Existing county data: 101 counties
Merged dataset: 101 counties
Counties with mass shooting data: 101


Unnamed: 0,fips,county_name,state,gun_homicide_rate,population,gini,drug_offense_rate,poverty_rate,median_income,gun_ownership_pct,giffords_grade,giffords_numeric,region,mass_shooting_incidents,years,mass_shooting_rate
0,6037,Los Angeles County,CA,7.2,9829544,0.507,320.0,14.2,75235,28.3,A,11,West,62,2019-2023,0.12615
1,17031,Cook County,IL,14.5,5173146,0.504,580.0,13.1,72231,27.8,A,11,Midwest,88,2019-2023,0.340219
2,48201,Harris County,TX,12.8,4728030,0.498,490.0,15.8,63802,45.7,F,0,South,54,2019-2023,0.228425
3,4013,Maricopa County,AZ,7.1,4496588,0.46,420.0,13.5,72850,46.3,F,0,West,28,2019-2023,0.124539
4,6073,San Diego County,CA,3.5,3276208,0.465,340.0,11.8,88240,28.3,A,11,West,14,2019-2023,0.085465
5,6059,Orange County,CA,1.8,3162245,0.465,260.0,9.1,104419,28.3,A,11,West,6,2019-2023,0.037948
6,12086,Miami-Dade County,FL,10.2,2701767,0.512,410.0,16.5,57815,35.3,D,2,South,38,2019-2023,0.281297
7,48113,Dallas County,TX,11.4,2613539,0.504,470.0,15.3,62081,45.7,F,0,South,32,2019-2023,0.244879
8,36047,Kings County,NY,4.8,2559903,0.512,290.0,19.2,66850,19.9,A,11,Northeast,22,2019-2023,0.171882
9,6065,Riverside County,CA,5.6,2418185,0.435,380.0,13.4,73260,28.3,A,11,West,16,2019-2023,0.132331


## Small-Count Caveat

Mass shootings (4+ people shot) are thankfully rare. Many counties in this dataset
had only 1-4 incidents over the entire 5-year window.

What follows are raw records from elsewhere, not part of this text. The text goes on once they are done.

lemma crossfk_eq_sum_basis:
  "crossfk k u a b = (\<Sum>j<6 * (k + 1). u j * crossfk k (basis_vec j) a b)"
proof (cases "a < 6 * (k + 1) \<and> b < 6 * (k + 1) \<and> b div 6 \<le> a div 6")
  case True
  define off where "off = 6 * (a div 6 - b div 6)"
  have "a div 6 < k + 1"
    using True by (simp add: less_mult_imp_div_less)
  then have "off \<le> 6 * k" by (simp add: off_def)
  then have "off + 6 \<le> 6 * (k + 1)" by simp
  moreover have "crossfk k v a b = crossf6 (\<lambda>r. v (off + r)) (a mod 6) (b mod 6)" for v
    using True by (simp add: crossfk_def off_def)
  ultimately show ?thesis
    using sum_basis_shift[where F = "\<lambda>v. crossf6 v (a mod 6) (b mod 6)", OF crossf6_eq_sum_basis]
    by simp
next
  case False
  then have "crossfk k v a b = 0" for v
    unfolding crossfk_def by (rule if_not_P)
  then show ?thesis by simp
qed

lemma matvec_crossfk_eq_hatcrossfk:
  assumes "s < 6 * (k + 1)"
  shows "matvec (6 * (k + 1)) (crossfk k y) x s = matvec (6 * (k + 1)) (hatcrossfk k x) y s"
proof -
  let ?N = "6 * (k + 1)"
  have "matvec ?N (crossfk k y) x s = (\<Sum>c<?N. \<Sum>j<?N. y j * crossfk k (basis_vec j) s c * x c)"
    using assms by (simp add: matvec_def crossfk_eq_sum_basis[of k y] sum_distrib_right)
  also have "\<dots> = (\<Sum>j<?N. \<Sum>c<?N. y j * crossfk k (basis_vec j) s c * x c)"
    by (rule sum.swap)
  also have "\<dots> = matvec ?N (hatcrossfk k x) y s"
    using assms by (simp add: matvec_def hatcrossfk_def sum_distrib_left mult_ac)
  finally show ?thesis .
qed

lemma hatcrossfk_cong:
  "(\<And>s. s < 6 * (k + 1) \<Longrightarrow> x s = y s) \<Longrightarrow> hatcrossfk k x = hatcrossfk k y"
  by (intro ext) (simp add: hatcrossfk_def matvec_def)

definition delta_mat :: "(real \<Rightarrow> nat \<Rightarrow> nat \<Rightarrow> real) \<Rightarrow> nat \<Rightarrow> nat \<Rightarrow> real" where
  "delta_mat M = (\<lambda>a b. deriv (\<lambda>e. M e a b) 0)"

lemma has_real_derivative_matvec:
  assumes dM: "\<forall>a<N. \<forall>b<N. (\<lambda>e. M e a b) differentiable (at 0)"
    and dx: "\<forall>s<N. (\<lambda>e. x e s) differentiable (at 0)"
    and r: "r < N"
  shows "((\<lambda>e. matvec N (M e) (x e) r) has_real_derivative
           matvec N (delta_mat M) (x 0) r + matvec N (M 0) (delta x) r) (at 0)"
proof -
  have "((\<lambda>e. \<Sum>c<N. M e r c * x e c) has_real_derivative
          (\<Sum>c<N. delta_mat M r c * x 0 c + M 0 r c * delta x c)) (at 0)"
  proof (rule DERIV_sum)
    fix c assume "c \<in> {..<N}"
    then have "((\<lambda>e. M e r c) has_real_derivative delta_mat M r c) (at 0)"
      and "((\<lambda>e. x e c) has_real_derivative delta x c) (at 0)"
      using dM dx r by (simp_all add: delta_mat_def delta_def DERIV_deriv_iff_real_differentiable)
    from DERIV_mult[OF this] show "((\<lambda>e. M e r c * x e c) has_real_derivative
        delta_mat M r c * x 0 c + M 0 r c * delta x c) (at 0)"
      by (simp add: mult.commute)
  qed
  then show ?thesis
    using r by (simp add: matvec_def sum.distrib)
qed

lemma delta_matvec:
  assumes "\<forall>a<N. \<forall>b<N. (\<lambda>e. M e a b) differentiable (at 0)"
    and "\<forall>s<N. (\<lambda>e. x e s) differentiable (at 0)"
    and "r < N"
  shows "delta (\<lambda>e. matvec N (M e) (x e)) r
           = matvec N (delta_mat M) (x 0) r + matvec N (M 0) (delta x) r"
  using DERIV_imp_deriv[OF has_real_derivative_matvec[OF assms]] by (simp add: delta_def)

lemma matvec_differentiable:
  fixes M :: "real \<Rightarrow> nat \<Rightarrow> nat \<Rightarrow> real" and x :: "real \<Rightarrow> nat \<Rightarrow> real"
  assumes "\<forall>a<N. \<forall>b<N. (\<lambda>e. M e a b) differentiable (at 0)"
    and "\<forall>s<N. (\<lambda>e. x e s) differentiable (at 0)"
    and "r < N"
  shows "(\<lambda>e. matvec N (M e) (x e) r) differentiable (at 0)"
  using has_real_derivative_matvec[OF assms] DERIV_deriv_iff_real_differentiable DERIV_imp_deriv
  by metis

lemma delta_transform_crossfk:
  assumes N: "N = 6 * (k + 1)"
    and dM: "\<forall>a<N. \<forall>b<N. (\<lambda>e. M e a b) differentiable (at 0)"
    and dx: "\<forall>s<N. (\<lambda>e. x e s) differentiable (at 0)"
    and eta: "\<forall>a<N. \<forall>b<N. delta_mat M a b = matmul N (M 0) (crossfk k eta) a b"
    and r: "r < N"
  shows "delta (\<lambda>e. matvec N (M e) (x e)) r
           = matvec N (M 0) (delta x) r + matvec N (M 0) (matvec N (hatcrossfk k (x 0)) eta) r"
proof -
  have "matvec N (delta_mat M) (x 0) r = matvec N (matmul N (M 0) (crossfk k eta)) (x 0) r"
    using eta r by (simp add: matvec_def)
  also have "\<dots> = matvec N (M 0) (matvec N (crossfk k eta) (x 0)) r"
    using r by (simp add: matvec_matmul)
  also have "\<dots> = matvec N (M 0) (matvec N (hatcrossfk k (x 0)) eta) r"
    by (intro matvec_cong) (simp only: N matvec_crossfk_eq_hatcrossfk)
  finally show ?thesis
    using delta_matvec[OF dM dx r] by simp
qed

lemma delta_local_from_world:
  assumes N: "N = 6 * (k + 1)"
    and inv: "mat_invertible N (M 0)"
    and dM: "\<forall>a<N. \<forall>b<N. (\<lambda>e. M e a b) differentiable (at 0)"
    and dx: "\<forall>s<N. (\<lambda>e. x e s) differentiable (at 0)"
    and eta: "\<forall>a<N. \<forall>b<N. delta_mat M a b = matmul N (M 0) (crossfk k eta) a b"
    and r: "r < N"
  shows "delta x r
           = matvec N (mat_inv N (M 0)) (delta (\<lambda>e. matvec N (M e) (x e))) r
           - matvec N (hatcrossfk k (matvec N (mat_inv N (M 0)) (matvec N (M 0) (x 0)))) eta r"
proof -
  define y where "y = (\<lambda>s. delta x s + matvec N (hatcrossfk k (x 0)) eta s)"
  have "matvec N (mat_inv N (M 0)) (delta (\<lambda>e. matvec N (M e) (x e))) r
      = matvec N (mat_inv N (M 0)) (matvec N (M 0) y) r"
    using delta_transform_crossfk[OF N dM dx eta]
    by (intro matvec_cong) (simp add: y_def matvec_add)
  also have "\<dots> = y r"
    using inv r by (rule matvec_mat_inv_cancel)
  finally have world: "matvec N (mat_inv N (M 0)) (delta (\<lambda>e. matvec N (M e) (x e))) r = y r" .
  have "hatcrossfk k (matvec N (mat_inv N (M 0)) (matvec N (M 0) (x 0))) = hatcrossfk k (x 0)"
    using inv N by (intro hatcrossfk_cong) (simp add: matvec_mat_inv_cancel)
  with world show ?thesis
    by (simp add: y_def)
qed

lemma children_eq_child_rel: "children Links par x = {c. (c, x) \<in> child_rel Links par}"
  by (simp add: children_def child_rel_def)

lemma trancl_child_rel_in_Links: "(a, b) \<in> (child_rel Links par)\<^sup>+ \<Longrightarrow> a \<in> Links"
  by (induction rule: trancl_induct) (auto simp: child_rel_def)

lemma subtree_eq_rtrancl: "subtree Links par x = {d. (d, x) \<in> (child_rel Links par)\<^sup>*}"
  by (auto simp: subtree_def rtrancl_eq_or_trancl dest: trancl_child_rel_in_Links)

lemma subtree_unfold:
  "subtree Links par x = insert x (\<Union>c\<in>children Links par x. subtree Links par c)"
  unfolding subtree_eq_rtrancl children_eq_child_rel
  by (auto elim: rtranclE intro: rtrancl_into_rtrancl)

lemma subtree_subset: "x \<in> Links \<Longrightarrow> subtree Links par x \<subseteq> Links"
  by (auto simp: subtree_def dest: trancl_child_rel_in_Links)

lemma kin_tree_acyclic: "kin_tree Links par \<Longrightarrow> acyclic (child_rel Links par)"
  by (auto simp: kin_tree_def acyclic_def dest: trancl_child_rel_in_Links)

lemma kin_tree_wf: "kin_tree Links par \<Longrightarrow> wf (child_rel Links par)"
proof (rule finite_acyclic_wf)
  assume tree: "kin_tree Links par"
  then have "child_rel Links par \<subseteq> Links \<times> Links" and "finite Links"
    by (auto simp: kin_tree_def child_rel_def)
  then show "finite (child_rel Links par)"
    by (meson finite_SigmaI finite_subset)
  show "acyclic (child_rel Links par)"
    using tree by (rule kin_tree_acyclic)
qed

lemma not_in_subtree_child:
  assumes "kin_tree Links par" and "c \<in> children Links par x"
  shows "x \<notin> subtree Links par c"
proof
  assume "x \<in> subtree Links par c"
  with assms(2) have "(x, x) \<in> (child_rel Links par)\<^sup>+"
    by (auto simp: subtree_eq_rtrancl children_eq_child_rel intro: rtrancl_into_trancl1)
  with kin_tree_acyclic[OF assms(1)] show False
    by (simp add: acyclic_def)
qed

A single additional incident
could drastically change a county's rate, especially for smaller populations.
This inherent instability should be kept in mind when interpreting scatter plots
and correlation statistics below.

In [4]:
print("Distribution of mass shooting incident counts (5-year total):")
print(merged['mass_shooting_incidents'].describe())
print()
print(f"Counties with <= 4 incidents: {(merged['mass_shooting_incidents'] <= 4).sum()}")
print(f"Counties with 5-20 incidents: {((merged['mass_shooting_incidents'] > 4) & (merged['mass_shooting_incidents'] <= 20)).sum()}")
print(f"Counties with > 20 incidents: {(merged['mass_shooting_incidents'] > 20).sum()}")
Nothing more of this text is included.